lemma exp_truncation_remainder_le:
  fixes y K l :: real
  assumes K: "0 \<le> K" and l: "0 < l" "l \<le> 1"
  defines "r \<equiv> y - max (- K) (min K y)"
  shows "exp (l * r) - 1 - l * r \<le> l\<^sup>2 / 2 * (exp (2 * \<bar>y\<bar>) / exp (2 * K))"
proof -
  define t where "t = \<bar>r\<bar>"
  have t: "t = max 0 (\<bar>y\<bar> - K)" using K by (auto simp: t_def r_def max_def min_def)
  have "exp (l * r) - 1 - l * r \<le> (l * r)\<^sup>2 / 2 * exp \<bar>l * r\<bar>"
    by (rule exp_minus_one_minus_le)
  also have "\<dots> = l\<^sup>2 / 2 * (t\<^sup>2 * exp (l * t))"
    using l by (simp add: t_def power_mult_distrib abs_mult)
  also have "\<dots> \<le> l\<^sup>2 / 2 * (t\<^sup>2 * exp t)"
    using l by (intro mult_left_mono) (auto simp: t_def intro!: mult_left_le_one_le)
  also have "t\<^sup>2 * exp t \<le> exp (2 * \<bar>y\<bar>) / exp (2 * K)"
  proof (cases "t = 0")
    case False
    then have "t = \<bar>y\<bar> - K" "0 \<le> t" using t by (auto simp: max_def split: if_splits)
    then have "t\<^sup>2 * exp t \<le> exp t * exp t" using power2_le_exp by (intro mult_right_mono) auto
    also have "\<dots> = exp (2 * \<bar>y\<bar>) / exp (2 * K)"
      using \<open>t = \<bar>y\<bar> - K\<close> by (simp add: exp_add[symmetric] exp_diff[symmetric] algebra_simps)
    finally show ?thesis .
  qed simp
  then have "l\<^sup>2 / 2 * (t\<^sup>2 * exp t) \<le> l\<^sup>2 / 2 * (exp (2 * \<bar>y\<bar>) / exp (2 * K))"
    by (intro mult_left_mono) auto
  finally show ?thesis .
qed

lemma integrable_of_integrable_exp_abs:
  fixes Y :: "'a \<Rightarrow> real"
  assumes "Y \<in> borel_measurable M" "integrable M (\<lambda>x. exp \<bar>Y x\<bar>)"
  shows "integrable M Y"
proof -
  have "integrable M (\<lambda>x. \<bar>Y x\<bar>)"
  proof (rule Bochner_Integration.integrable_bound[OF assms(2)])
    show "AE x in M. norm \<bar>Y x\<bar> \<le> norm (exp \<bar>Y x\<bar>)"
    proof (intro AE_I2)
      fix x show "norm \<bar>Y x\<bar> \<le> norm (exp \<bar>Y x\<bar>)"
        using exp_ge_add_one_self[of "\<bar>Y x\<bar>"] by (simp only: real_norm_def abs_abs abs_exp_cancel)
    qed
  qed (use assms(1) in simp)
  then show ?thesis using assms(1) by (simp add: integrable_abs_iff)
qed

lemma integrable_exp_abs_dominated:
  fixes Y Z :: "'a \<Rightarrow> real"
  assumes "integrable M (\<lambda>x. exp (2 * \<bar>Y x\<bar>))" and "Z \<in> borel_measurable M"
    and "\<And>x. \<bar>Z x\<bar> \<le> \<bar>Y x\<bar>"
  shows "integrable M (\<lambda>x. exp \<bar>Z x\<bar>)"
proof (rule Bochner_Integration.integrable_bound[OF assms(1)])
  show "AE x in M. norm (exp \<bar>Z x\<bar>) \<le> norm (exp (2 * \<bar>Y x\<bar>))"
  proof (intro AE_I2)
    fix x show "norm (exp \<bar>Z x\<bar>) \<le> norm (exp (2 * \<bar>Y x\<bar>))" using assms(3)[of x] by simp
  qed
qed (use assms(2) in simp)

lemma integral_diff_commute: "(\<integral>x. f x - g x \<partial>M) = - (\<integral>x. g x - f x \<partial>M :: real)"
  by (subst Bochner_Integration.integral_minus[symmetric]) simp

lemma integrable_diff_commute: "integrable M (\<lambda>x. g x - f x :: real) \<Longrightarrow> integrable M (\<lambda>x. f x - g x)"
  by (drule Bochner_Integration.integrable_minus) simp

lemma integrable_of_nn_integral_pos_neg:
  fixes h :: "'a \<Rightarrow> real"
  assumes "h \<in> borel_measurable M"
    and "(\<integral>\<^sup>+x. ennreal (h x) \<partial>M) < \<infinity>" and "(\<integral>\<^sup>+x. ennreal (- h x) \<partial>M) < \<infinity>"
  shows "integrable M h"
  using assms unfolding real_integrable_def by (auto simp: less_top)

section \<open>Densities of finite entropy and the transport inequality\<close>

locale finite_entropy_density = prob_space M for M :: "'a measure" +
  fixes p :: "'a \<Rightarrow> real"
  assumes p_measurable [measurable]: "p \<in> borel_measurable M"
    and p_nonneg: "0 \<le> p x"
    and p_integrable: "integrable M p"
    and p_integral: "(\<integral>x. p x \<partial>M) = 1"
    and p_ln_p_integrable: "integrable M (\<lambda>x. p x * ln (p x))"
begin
++++
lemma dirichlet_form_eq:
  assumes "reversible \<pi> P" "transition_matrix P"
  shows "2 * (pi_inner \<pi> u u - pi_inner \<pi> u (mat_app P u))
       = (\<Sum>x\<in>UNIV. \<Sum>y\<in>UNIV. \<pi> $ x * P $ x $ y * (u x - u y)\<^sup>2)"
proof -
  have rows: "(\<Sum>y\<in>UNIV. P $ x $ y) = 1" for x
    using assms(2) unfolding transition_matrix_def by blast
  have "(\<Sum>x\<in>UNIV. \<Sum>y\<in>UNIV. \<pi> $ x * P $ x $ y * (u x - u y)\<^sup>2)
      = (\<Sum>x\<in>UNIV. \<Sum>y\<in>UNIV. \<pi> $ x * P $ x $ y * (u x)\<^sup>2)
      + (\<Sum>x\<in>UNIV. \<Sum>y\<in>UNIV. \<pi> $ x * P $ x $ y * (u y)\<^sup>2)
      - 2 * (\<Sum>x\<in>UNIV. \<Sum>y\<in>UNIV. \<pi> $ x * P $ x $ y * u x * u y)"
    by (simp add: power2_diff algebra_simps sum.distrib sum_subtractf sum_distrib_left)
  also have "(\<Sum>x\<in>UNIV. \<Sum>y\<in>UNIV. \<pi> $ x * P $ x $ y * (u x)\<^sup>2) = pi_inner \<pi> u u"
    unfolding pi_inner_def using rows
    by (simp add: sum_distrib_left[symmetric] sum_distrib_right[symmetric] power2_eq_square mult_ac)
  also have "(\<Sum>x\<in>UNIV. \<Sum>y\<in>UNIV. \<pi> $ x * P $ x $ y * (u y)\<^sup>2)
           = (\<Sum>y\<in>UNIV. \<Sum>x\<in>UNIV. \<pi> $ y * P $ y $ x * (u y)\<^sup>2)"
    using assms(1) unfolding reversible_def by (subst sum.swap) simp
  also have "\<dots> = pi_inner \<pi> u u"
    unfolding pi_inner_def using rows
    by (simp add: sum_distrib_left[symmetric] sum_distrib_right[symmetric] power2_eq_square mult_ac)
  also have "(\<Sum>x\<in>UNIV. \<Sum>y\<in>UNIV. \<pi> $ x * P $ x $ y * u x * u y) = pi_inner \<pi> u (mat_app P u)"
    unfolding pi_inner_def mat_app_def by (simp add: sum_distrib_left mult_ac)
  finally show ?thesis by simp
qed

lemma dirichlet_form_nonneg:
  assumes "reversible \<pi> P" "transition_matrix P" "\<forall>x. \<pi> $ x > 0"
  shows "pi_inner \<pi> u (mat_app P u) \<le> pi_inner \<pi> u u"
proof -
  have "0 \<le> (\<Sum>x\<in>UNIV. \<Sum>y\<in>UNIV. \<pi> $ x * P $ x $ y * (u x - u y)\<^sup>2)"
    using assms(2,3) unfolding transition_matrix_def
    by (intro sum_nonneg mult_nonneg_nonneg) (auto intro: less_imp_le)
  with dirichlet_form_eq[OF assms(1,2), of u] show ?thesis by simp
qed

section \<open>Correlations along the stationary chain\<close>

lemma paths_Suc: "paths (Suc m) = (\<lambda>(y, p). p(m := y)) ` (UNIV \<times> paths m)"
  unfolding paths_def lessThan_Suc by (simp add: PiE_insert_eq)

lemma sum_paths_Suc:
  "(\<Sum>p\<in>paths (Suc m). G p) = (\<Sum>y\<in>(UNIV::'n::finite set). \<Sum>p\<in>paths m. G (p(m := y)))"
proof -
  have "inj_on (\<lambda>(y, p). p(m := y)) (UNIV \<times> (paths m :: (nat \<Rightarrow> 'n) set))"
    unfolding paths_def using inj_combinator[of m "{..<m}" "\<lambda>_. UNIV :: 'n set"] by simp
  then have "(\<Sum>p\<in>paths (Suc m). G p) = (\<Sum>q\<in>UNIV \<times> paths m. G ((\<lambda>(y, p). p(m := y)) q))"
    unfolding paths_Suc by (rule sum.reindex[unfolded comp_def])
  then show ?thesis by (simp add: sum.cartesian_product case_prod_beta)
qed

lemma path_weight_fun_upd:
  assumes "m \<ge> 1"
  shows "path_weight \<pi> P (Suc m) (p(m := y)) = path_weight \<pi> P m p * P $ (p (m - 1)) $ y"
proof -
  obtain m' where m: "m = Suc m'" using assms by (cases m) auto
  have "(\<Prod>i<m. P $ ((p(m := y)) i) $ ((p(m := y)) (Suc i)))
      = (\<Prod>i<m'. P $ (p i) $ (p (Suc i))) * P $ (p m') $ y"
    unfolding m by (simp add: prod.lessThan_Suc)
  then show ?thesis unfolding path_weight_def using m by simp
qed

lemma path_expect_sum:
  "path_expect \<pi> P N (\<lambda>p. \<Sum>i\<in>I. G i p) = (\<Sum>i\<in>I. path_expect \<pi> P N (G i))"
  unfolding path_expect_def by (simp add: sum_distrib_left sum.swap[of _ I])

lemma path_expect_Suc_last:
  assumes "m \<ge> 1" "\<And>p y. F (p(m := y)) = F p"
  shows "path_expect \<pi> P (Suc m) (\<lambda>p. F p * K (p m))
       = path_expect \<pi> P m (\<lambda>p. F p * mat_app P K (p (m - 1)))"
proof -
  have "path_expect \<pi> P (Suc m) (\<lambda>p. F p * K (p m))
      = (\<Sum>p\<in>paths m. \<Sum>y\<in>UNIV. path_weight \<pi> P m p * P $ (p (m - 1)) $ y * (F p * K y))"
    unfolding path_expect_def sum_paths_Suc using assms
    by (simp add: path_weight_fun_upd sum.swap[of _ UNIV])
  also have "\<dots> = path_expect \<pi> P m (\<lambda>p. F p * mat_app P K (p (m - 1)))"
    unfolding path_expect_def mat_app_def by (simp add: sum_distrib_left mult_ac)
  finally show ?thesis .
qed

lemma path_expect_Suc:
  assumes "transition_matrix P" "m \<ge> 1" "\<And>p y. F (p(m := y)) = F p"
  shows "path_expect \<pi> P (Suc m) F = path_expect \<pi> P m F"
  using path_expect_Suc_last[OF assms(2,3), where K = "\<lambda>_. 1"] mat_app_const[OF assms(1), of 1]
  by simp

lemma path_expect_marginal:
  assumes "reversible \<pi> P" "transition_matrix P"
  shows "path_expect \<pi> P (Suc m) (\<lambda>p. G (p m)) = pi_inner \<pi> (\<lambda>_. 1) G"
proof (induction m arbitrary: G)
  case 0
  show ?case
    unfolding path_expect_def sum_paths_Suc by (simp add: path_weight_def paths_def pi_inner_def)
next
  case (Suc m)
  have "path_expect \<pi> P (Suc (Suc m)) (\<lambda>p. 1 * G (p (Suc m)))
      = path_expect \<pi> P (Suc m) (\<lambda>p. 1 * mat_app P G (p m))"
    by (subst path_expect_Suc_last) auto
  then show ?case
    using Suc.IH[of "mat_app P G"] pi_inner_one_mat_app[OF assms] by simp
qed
++++
**What needs to be done**
The string "dots": state how many lines above contain it, giving nothing but the number.

**Answer to this problem**
5